I am interning with a large firm that stores a lot of its source data in the form of PowerPoints. These PowerPpoints serve well when communicating across departments and between suppliers but, as you may guess, lack any robust analysis. Because of this, I have decided to database these Powerpoints into Access.
There is no direct way of doing this, that I know of. Due to strict IT policies, I am limited to VBA as my coding platform. I have spent the last week coding up a macro to solve my problem. Again, since there is no direct conversion of PowerPoint to Access, I have had to solve this problem rather inefficiently as there are a few caveats. I will list my steps and caveats below.
The powerpoint information I want to database is formatted as a table instead of text. I have been unable to find a Macro that converts PPT tables directly to Excel or CSV files. Because of this, I will convert all PPT files (roughly 3000) to PDFs.
From these generated PDF's I can use Adobe to convert them to Excel or CSV files.
Using multiple online resources and a bit of my own experience, I have coded up a VBA script that will automatically format a folder of CSV files into a format that Access will store correctly. See Code 1.
After formatting the CSVs, I will then automate them all to Access.

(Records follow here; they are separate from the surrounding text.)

(* For every $\mu\in\overline{\mathbb R}$, the subspace $A_{[\mu]}$ is a subalgebra of $A_\mu$. Further, $\Delta_\mu(A_{[\mu]})\subset A_{[\mu]}\otimes A_{[\mu]}$, and $A_{[\mu]}$ becomes a bialgebra when endowed with the coproduct $\Delta_\mu$.
   Context: Let $\Gamma$ be a discrete submonoid of $\{(r,d)\in\mathbb R^2: r>0\text{ or }(r=0\text{ and }d\ge0)\}$ and $A=\bigoplus_{\gamma\in\Gamma}A^\gamma$ a connected ($A^0=k$) $\Gamma$-graded bialgebra over a field $k$, coproduct $\Delta$. Write $|a|=\gamma$ for $a\in A^\gamma$. For homogeneous $a$, $L(a)$ (resp. $R(a)$) is the set of $\beta$ (resp. $\gamma$) such that $\Delta(a)$ has a nonzero component in $A^\beta\otimes A^\gamma$. Let $\overline{\mathbb R}=\mathbb R\cup\{\infty\}$ with $\infty$ larger than all reals; $\Gamma_\infty=\{(r,d)\in\Gamma:r=0\}$, $\Gamma_\mu=\{(r,d)\in\Gamma: d=\mu r\}$ for real $\mu$, $\Gamma_{\le\mu}=\bigcup_{\nu\le\mu}\Gamma_\nu$, $\Gamma_{\ge\mu}=\bigcup_{\nu\ge\mu}\Gamma_\nu$. A homogeneous $a$ is of slope $\mu$ if $|a|\in\Gamma_\mu$, and semistable of slope $\mu$ if moreover $L(a)\subset\Gamma_{\le\mu}$ (equivalently $R(a)\subset\Gamma_{\ge\mu}$). $A_\mu$ (resp. $A_{[\mu]}$) is the span of the homogeneous elements of slope $\mu$ (resp. semistable of slope $\mu$). $p_\mu:A\to A_\mu$ is the projection along $\bigoplus_{\gamma\notin\Gamma_\mu}A^\gamma$ and $\Delta_\mu=(p_\mu\otimes p_\mu)\circ\Delta$. *)

theory Defs
  imports "HOL-Analysis.Analysis"
begin

definition klinear :: "('k::field \<Rightarrow> 'a::ring_1 \<Rightarrow> 'a) \<Rightarrow> ('a \<Rightarrow> 'k) \<Rightarrow> bool" where
  "klinear sc f \<longleftrightarrow> (\<forall>x y. f (x + y) = f x + f y) \<and> (\<forall>c x. f (sc c x) = c * f x)"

Following the Access automation, I will need to embed each PPT file to its respective Access entry
Again, this is not an efficient process. Because I am limited to Microsoft only applications, I have chosen this route. I thought about leaving the information as Excel files, but the idea is to make this data accessible and searchable by any department, hence why I chose Access to database them.
Now that I have explained to you where I am coming from and what I am doing, I ask: what recommendations do you have for me? I feel my round-about way is a good solution and practical, but I wonder if there is a better solution.
Sub LoopCSVFile()
Dim fso As Object 'Scritping.FileSystemObject
Dim fldr As Object 'Scripting.Folder
Dim file As Object 'Scripting.File
Dim wb As Workbook
Set fso = CreateObject("Scripting.FileSystemObject")
Set fldr = fso.GetFolder("C:\Users\HMM105289\Documents\Powerpoint Parsing\Test Folder\Test Save Folder")
For Each file In fldr.Files
Set wb = Workbooks.Open(file.Path)
Application.Run "Personal.xlsb!Module1.FormatAccess"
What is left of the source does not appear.